Фату-гэй устроилась временно в хижине мулатов, заявив, что не желает возвращаться в Сен-Луи, этим пока и ограничиваются ее планы; она не знает, что с ней станется, не знал и Жан. Сколько он ни пытался, ничего придумать или найти для нее так и не удалось; к тому же закончились последние деньги!..
Утро; пароход, который должен забрать спаги, отплывает через несколько часов. Фату-гэй сидит на корточках возле четырех жалких калебасов, составлявших все ее имущество, и ничего не говорит, даже на вопросы не отвечает, в остановившихся, застывших глазах мрачное, тупое отчаяние, настолько глубокое и неподдельное, что сердце разрывается.
Жан стоит рядом и, не зная, чем помочь, смущенно крутит ус.
Внезапно дверь с шумом распахивается, и словно ветер врывается рослый спаги, вид у него встревоженный и растерянный, в глазах – волнение.
Это Пьер Буайе, в течение двух лет бывший товарищем Жана, его сосед по казарме в Сен-Луи. Оба такие замкнутые, они не любили лишних разговоров, но друг к другу относились с уважением и, когда Буайе уезжал на остров Горе, обменялись сердечным рукопожатием.
Сняв феску, Пьер Буайе торопливо шепчет слова извинения за столь бурное вторжение, затем, схватив Жана за руки, с жаром продолжает:
– Ах, Пейраль! Я разыскиваю тебя с раннего утра!.. Послушай, давай поговорим: мне надо попросить тебя об одной важной вещи.
Только сперва выслушай все, что я собираюсь сказать, и не спеши с ответом…
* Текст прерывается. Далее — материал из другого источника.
text \<open>
  The lattice points of P(M) + u\<Delta> + t\<nabla> are exactly the integer vectors z supported on E
  with z(E) = r(E) + u - t and z(X) \<le> r(X) + u for all X \<subseteq> E.  Slicing them by the coordinate
  z_e, the slices with z_e \<le> r(E) - r(E - e) are the lattice points of M\<setminus>e for all smaller
  values of t, and the remaining ones are the lattice points of M / e for smaller values of u.
  Hence Q_M(t,u) = \<Sum>_{s\<le>t} Q_{M\<setminus>e}(s,u) + \<Sum>_{v<u+\<lambda>} Q_{M/e}(t,v), where
  \<lambda> = r(e) + r(E - e) - r(E) \<in> {0,1} is the connectivity of {e}, which vanishes exactly for
  loops and coloops.  Partial summation in t or u shifts the coefficients in the binomial basis,
  which multiplies Q' by x - 1 or y - 1, so Q'_M = x Q'_{M\<setminus>e} + (y - 1 + \<lambda>) Q'_{M/e}.  For a
  loop or coloop, contraction and deletion have the same rank function.
\<close>

section \<open>Rank functions\<close>

lemma matroid_rank_finite: "matroid_rank E r \<Longrightarrow> finite E"
  by (simp add: matroid_rank_def)

lemma matroid_rank_le_card: "matroid_rank E r \<Longrightarrow> X \<subseteq> E \<Longrightarrow> r X \<le> card X"
  by (simp add: matroid_rank_def)

lemma matroid_rank_mono: "matroid_rank E r \<Longrightarrow> X \<subseteq> Y \<Longrightarrow> Y \<subseteq> E \<Longrightarrow> r X \<le> r Y"
  by (simp add: matroid_rank_def)

lemma matroid_rank_submod:
  "matroid_rank E r \<Longrightarrow> X \<subseteq> E \<Longrightarrow> Y \<subseteq> E \<Longrightarrow> r (X \<union> Y) + r (X \<inter> Y) \<le> r X + r Y"
  by (simp add: matroid_rank_def)

lemma matroid_rank_empty: "matroid_rank E r \<Longrightarrow> r {} = 0"
  using matroid_rank_le_card[of E r "{}"] by simp

lemma matroid_rank_singleton_le: "matroid_rank E r \<Longrightarrow> a \<in> E \<Longrightarrow> r {a} \<le> 1"
  using matroid_rank_le_card[of E r "{a}"] by simp

lemma matroid_rank_insert_le:
  assumes M: "matroid_rank E r" and "X \<subseteq> E" "a \<in> E"
  shows "r (insert a X) \<le> r X + r {a}"
  using matroid_rank_submod[OF M, of X "{a}"] assms by (cases "a \<in> X") (auto simp: insert_absorb)

lemma matroid_rank_subset: "matroid_rank E r \<Longrightarrow> E' \<subseteq> E \<Longrightarrow> matroid_rank E' r"
  unfolding matroid_rank_def by (meson finite_subset order_trans)

lemma matroid_rank_contract:
  assumes M: "matroid_rank E r" and e: "e \<in> E"
  shows "matroid_rank (E - {e}) (contract_rank r e)"
proof -
  have re: "r {e} \<le> r (X \<union> {e})" if "X \<subseteq> E" for X
    using matroid_rank_mono[OF M, of "{e}" "X \<union> {e}"] that e by blast
  have "contract_rank r e X \<le> card X" if "X \<subseteq> E - {e}" for X
  proof -
    have "X \<subseteq> E" using that by blast
    then show ?thesis
      using matroid_rank_insert_le[OF M, of X e] matroid_rank_le_card[OF M, of X] e
      by (simp add: contract_rank_def)
  qed
  moreover have "contract_rank r e X \<le> contract_rank r e Y" if "X \<subseteq> Y" "Y \<subseteq> E - {e}" for X Y
    using matroid_rank_mono[OF M, of "X \<union> {e}" "Y \<union> {e}"] that e
    by (auto simp: contract_rank_def intro: diff_le_mono)
  moreover have "contract_rank r e (X \<union> Y) + contract_rank r e (X \<inter> Y)
      \<le> contract_rank r e X + contract_rank r e Y"
    if "X \<subseteq> E - {e}" "Y \<subseteq> E - {e}" for X Y
  proof -
    have "X \<union> {e} \<subseteq> E" "Y \<union> {e} \<subseteq> E" using that e by blast+
    then have "r (X \<union> Y \<union> {e}) + r (X \<inter> Y \<union> {e}) \<le> r (X \<union> {e}) + r (Y \<union> {e})"
      using matroid_rank_submod[OF M, of "X \<union> {e}" "Y \<union> {e}"] by (simp add: Un_Int_distrib2)
    moreover have "X \<union> Y \<subseteq> E" "X \<inter> Y \<subseteq> E" "X \<subseteq> E" "Y \<subseteq> E" using that by blast+
    ultimately show ?thesis
      using re[of "X \<union> Y"] re[of "X \<inter> Y"] re[of X] re[of Y] by (simp add: contract_rank_def)
  qed
  ultimately show ?thesis
    using matroid_rank_finite[OF M] unfolding matroid_rank_def by auto
qed

lemma matroid_rank_indep_subset:
  assumes M: "matroid_rank E r" and "I \<subseteq> J" "J \<subseteq> E" "r J = card J"
  shows "r I = card I"
proof -
  have fJ: "finite J" using matroid_rank_finite[OF M] assms(3) finite_subset by blast
  have "I \<union> (J - I) = J" "I \<inter> (J - I) = {}" using assms(2) by blast+
  then have "r J \<le> r I + r (J - I)"
    using matroid_rank_submod[OF M, of I "J - I"] assms matroid_rank_empty[OF M] by force
  moreover have "card J = card I + card (J - I)"
    using card_Diff_subset[of I J] assms fJ finite_subset[of I J] card_mono[of J I] by auto
  moreover have "r (J - I) \<le> card (J - I)" "r I \<le> card I"
    using matroid_rank_le_card[OF M, of "J - I"] matroid_rank_le_card[OF M, of I] assms by auto
  ultimately show ?thesis using assms(4) by linarith
qed

lemma matroid_rank_Un_eq_if_insert_eq:
  assumes M: "matroid_rank E r" and "J \<subseteq> E" "A \<subseteq> E" "finite A"
    and insert_eq: "\<And>x. x \<in> A \<Longrightarrow> r (insert x J) = r J"
  shows "r (J \<union> A) = r J"
  using \<open>finite A\<close> \<open>A \<subseteq> E\<close> insert_eq
proof (induction A rule: finite_induct)
  case (insert x A)
  have "J \<union> A \<subseteq> E" "insert x J \<subseteq> E" using insert.prems \<open>J \<subseteq> E\<close> by blast+
  moreover have "(J \<union> A) \<union> insert x J = J \<union> insert x A" "(J \<union> A) \<inter> insert x J = J"
    using insert.hyps by blast+
  ultimately have "r (J \<union> insert x A) + r J \<le> r (J \<union> A) + r (insert x J)"
    using matroid_rank_submod[OF M, of "J \<union> A" "insert x J"] by simp
  moreover have "r J \<le> r (J \<union> insert x A)"
    using matroid_rank_mono[OF M, of J "J \<union> insert x A"] insert.prems \<open>J \<subseteq> E\<close> by blast
  ultimately show ?case using insert by simp
qed simp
Ты едешь в Алжир!.. А я, к сожалению, вместе с другими с острова Горе отбываю завтра на пост Гадьянге в Уанкарахе. Там идет война, но зато месяца через три обещают повышение, а может, и медаль дадут.
Мы однолетки, и служить нам осталось поровну. На срок твоего возвращения это не повлияет… Пейраль, не можешь ли ты поменяться со мной местами?..
Жан с первых же слов обо всем догадался и все понял.
Взгляд его затуманился, глаза расширились, словно давая выход бушевавшим в нем чувствам.